Monday, August 31, 2015

Audiobook Review: FLESH: The Disappearance of Portia Barrington by Keith Lee Johnson

Keith Lee Johnson
Portia Barrington is the 15-year-old daughter of a high-powered defense attorney, and she's been kidnapped. Those who took her have demanded and been paid two ransoms, but now they are demanding a third so, despite the kidnappers' warnings to the contrary, the FBI has been called in. Enter Agent Phoenix Drew-Perry, a woman of color with her own daughter in turmoil.

The story is told in a combination of third person and first. Half of the story is Phoenix' personal first person recollections. The other half is from an omniscient third person point-of-view; a technique I personally find distracting. Pick a PoV and stick with it, I say, but I understand that this is becoming a popular story-telling modus. I just find it off-putting and lazy.
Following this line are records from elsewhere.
lemma ball_generated_conj_subset:
  assumes sg: "is_subgroup d H" and gF: "g \<in> free_group d" and adm: "admissible_connector H g"
  shows "{h \<in> generated d (H \<union> {fmult (fmult g h) (finv g) | h. h \<in> H}). length h \<le> R}
    \<subseteq> (\<Union>i\<in>{0..R div (2 * join_length H g)}.
        \<Union>\<alpha>\<in>compositions (2 * i + 1) (int R + 2 * int i * (int (length g) - 2 * int (join_length H g))).
          tuple_word g ` bounded_tuples H \<alpha>)"
proof
  fix h assume "h \<in> {h \<in> generated d (H \<union> {fmult (fmult g h) (finv g) | h. h \<in> H}). length h \<le> R}"
  then have "h \<in> alt_words H g" and hR: "length h \<le> R"
    using generated_conj_subset_alt_words[OF sg gF] by auto
  then obtain a ps where ps: "blocks_in H a ps" "nontrivial_blocks ps" "h = red (alt_word g a ps)"
    using alt_word_normal_form[OF sg] unfolding alt_words_def by blast
  define n where "n = length ps"
  define J where "J = join_length H g"
  have rg: "reduced g"
    using gF by (simp add: free_group_def)
  have bounds: "2 * n * J \<le> length h"
      "blocks_length a ps + 2 * n * J \<le> length h + 2 * n * (k1 H g + k2 H g)"
    using length_red_alt_word_ge[OF sg rg adm ps(1,2)] by (simp_all add: ps(3) n_def J_def)
  have "0 < J" and g_len: "length g = k1 H g + k2 H g + J"
    using adm by (auto simp: admissible_connector_def join_length_def J_def)
  moreover have "n * (2 * J) \<le> R"
    using bounds(1) hR by (simp add: mult.assoc mult.left_commute)
  ultimately have "n \<le> R div (2 * J)"
    by (simp add: less_eq_div_iff_mult_less_eq)
  have "int (blocks_length a ps + 2 * n * J) \<le> int (R + 2 * n * (k1 H g + k2 H g))"
    using bounds(2) hR by linarith
  then have "int (sum_list (map length (a # flat_pairs ps)))
      \<le> int R + 2 * int n * (int (length g) - 2 * int J)"
    unfolding g_len blocks_length_eq_sum_list by (simp add: algebra_simps)
  then obtain \<alpha> where "\<alpha> \<in> compositions (2 * n + 1) (int R + 2 * int n * (int (length g) - 2 * int J))"
      "a # flat_pairs ps \<in> bounded_tuples H \<alpha>"
    using bounded_tuples_composition[OF set_flat_pairs_subset[OF ps(1)]] by (auto simp: n_def)
  moreover have "h = tuple_word g (a # flat_pairs ps)"
    by (simp add: tuple_word_def ps(3))
  ultimately show "h \<in> (\<Union>i\<in>{0..R div (2 * join_length H g)}.
        \<Union>\<alpha>\<in>compositions (2 * i + 1) (int R + 2 * int i * (int (length g) - 2 * int (join_length H g))).
          tuple_word g ` bounded_tuples H \<alpha>)"
    using \<open>n \<le> R div (2 * J)\<close> unfolding J_def by fastforce
qed

theorem lemma2p10:
  fixes d :: nat and \<Gamma> :: "letter list set" and g :: "letter list" and R :: nat
  assumes "is_subgroup d \<Gamma>" and "fin_gen_subgroup d \<Gamma>"
    and "g \<in> free_group d"
    and "admissible_connector \<Gamma> g"
  shows "growth (generated d (\<Gamma> \<union> {fmult (fmult g h) (finv g) | h. h \<in> \<Gamma>})) R
    \<le> (\<Sum>i = 0..R div (2 * join_length \<Gamma> g).
         \<Sum>\<alpha>\<in>{\<alpha> :: nat list. length \<alpha> = 2 * i + 1 \<and>
               int (sum_list \<alpha>) = int R + 2 * int i * (int (length g) - 2 * int (join_length \<Gamma> g))}.
           prod_list (map (growth \<Gamma>) \<alpha>))"
proof -
  have "card {h \<in> generated d (\<Gamma> \<union> {fmult (fmult g h) (finv g) | h. h \<in> \<Gamma>}). length h \<le> R}
    \<le> (\<Sum>i = 0..R div (2 * join_length \<Gamma> g).
         \<Sum>\<alpha>\<in>compositions (2 * i + 1) (int R + 2 * int i * (int (length g) - 2 * int (join_length \<Gamma> g))).
           prod_list (map (growth \<Gamma>) \<alpha>))"
    by (rule card_le_sum_bounded_tuples[OF finite_subgroup_ball[OF assms(1)] finite_atLeastAtMost
          finite_compositions ball_generated_conj_subset[OF assms(1,3,4)]])
  then show ?thesis
    by (simp add: growth_def compositions_def)
qed

end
The author relies heavily on cliches. I swear I heard the phrase "Off the hook!" more times in the first chapter than a Mel B outtake-reel from America's Got Talent. Also the book references the sex act so frequently that the author often relies on such over-used erotica standards as "get all up in that," and "on fire down there."

There are a number of other weird aspects to the book. It's clearly written to titillate, but at the end, the heroine goes into a long puritanical aside about how over-sexed and debauched Americans are. Another example of the book's weirdness is that a character in the book is named Christopher Chance, and one of the protagonists assumes it's a false identity because it's such a cheesy name. This in a book with characters named Phoenix, Portia Barrington, Topaz, Vanderbilt, Myles, Palmer, and Savannah.
Lucinda Gainey

In another example, the story makes overly specific use of the story-line of a 1970 film called The Grasshopper starring Jacqueline Bisset, or as the narrator, Lucinda Gainey, calls her for some unexplained reason, Jacqueline Bay-set. The narration also has a somewhat sterile almost-documentary-style feel to it in several places, which is odd considering how hyper-sexual the book is. Other than that the voice narration was competent, although there were a few moments where the longish sentences taxed her breathing.

One thing I did enjoy about the book was a clever plot element where the FBI agents were able to determine the reason why the kidnappers kept demanding more and more ransom. But then, by the end of the book even that became a plot hole. I don't want to post a spoiler, but suffice to say you don't lead a horse to water if you don't want him to take a drink.

Overall, I wasn't impressed with the story or the writing, but apparently I'm in the minority. The author has a substantial following, and numerous glowing reviews on this title alone in the paperback and eBook listings at Amazon. Personally, I'm not recommending it, but what do I know? Twenty plus horny housewives can't be wrong.